* Problem requirements
Return exactly the lines that run from the one with "ultimately show ?case" to the last line of the entries below, both included, and nothing else.

[Data entries]
lemma finite_Pq: "finite (Pq q)"
  by (rule finite_subset[of _ "set (prefixes q)"]) (auto simp: Pq_def)

lemma prefix_concat_Pq:
  assumes "set s \<subseteq> Pq q" shows "prefix q (concat s @ q)"
  using assms
proof (induction s)
  case (Cons v s)
  then have "prefix q (concat s @ q)" by simp
  then have "prefix (v @ q) (v @ concat s @ q)" by simp
  moreover have "prefix q (v @ q)" using Cons.prems by (auto simp: Pq_def)
  ultimately show ?case by (metis append_assoc concat.simps(2) prefix_order.trans)
qed simp

text \<open>Two factorisations starting with different words u, w of P_q, |u| < |w|:
  then w = u w' with w' in P_q, so w is not primitive.\<close>
lemma Pq_overlap_not_root:
  assumes u: "u \<in> Pq q" and w: "w \<in> Pq q" and lt: "length u < length w"
    and eq: "u @ Y = w @ Z" and Y: "prefix q (Y @ q)" and Z: "prefix q (Z @ q)"
  shows "w \<notin> root_Pq q"
proof -
  define w' where "w' = drop (length u) w"
  have wu: "w = u @ w'"
    using eq lt unfolding w'_def by (metis append_eq_append_conv_if append_take_drop_id less_imp_le)
  have Yeq: "Y = w' @ Z" using eq wu by simp
  have "prefix w q" using w by (simp add: Pq_def)
  then have short: "length w' < length q"
    using prefix_length_le lt u unfolding w'_def by (cases u) (fastforce simp: Pq_def)+
  have ne: "w' \<noteq> []" using wu lt by auto
  have "prefix w' q"
    using prefix_length_prefix[of w' "Y @ q" q] Yeq Y short by simp
  moreover have "prefix q (w' @ q)"
    using prefix_length_prefix[OF Y, of "w' @ q"] Yeq Z by simp
  ultimately have "w' \<in> Pq q" using ne by (auto simp: Pq_def strict_prefix_def)
  then have "w \<in> lang_pow_ge2 (Pq q)"
    unfolding lang_pow_ge2_def using u wu by (intro CollectI exI[of _ "[u, w']"]) auto
  then show ?thesis by (simp add: root_Pq_def)
qed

* Answer to this problem
  ultimately show ?case by (metis append_assoc concat.simps(2) prefix_order.trans)
qed simp

text \<open>Two factorisations starting with different words u, w of P_q, |u| < |w|:
  then w = u w' with w' in P_q, so w is not primitive.\<close>
lemma Pq_overlap_not_root:
  assumes u: "u \<in> Pq q" and w: "w \<in> Pq q" and lt: "length u < length w"
    and eq: "u @ Y = w @ Z" and Y: "prefix q (Y @ q)" and Z: "prefix q (Z @ q)"
  shows "w \<notin> root_Pq q"
proof -
  define w' where "w' = drop (length u) w"
  have wu: "w = u @ w'"
    using eq lt unfolding w'_def by (metis append_eq_append_conv_if append_take_drop_id less_imp_le)
  have Yeq: "Y = w' @ Z" using eq wu by simp
  have "prefix w q" using w by (simp add: Pq_def)
  then have short: "length w' < length q"
    using prefix_length_le lt u unfolding w'_def by (cases u) (fastforce simp: Pq_def)+
  have ne: "w' \<noteq> []" using wu lt by auto
  have "prefix w' q"
    using prefix_length_prefix[of w' "Y @ q" q] Yeq Y short by simp
  moreover have "prefix q (w' @ q)"
    using prefix_length_prefix[OF Y, of "w' @ q"] Yeq Z by simp
  ultimately have "w' \<in> Pq q" using ne by (auto simp: Pq_def strict_prefix_def)
  then have "w \<in> lang_pow_ge2 (Pq q)"
    unfolding lang_pow_ge2_def using u wu by (intro CollectI exI[of _ "[u, w']"]) auto
  then show ?thesis by (simp add: root_Pq_def)
qed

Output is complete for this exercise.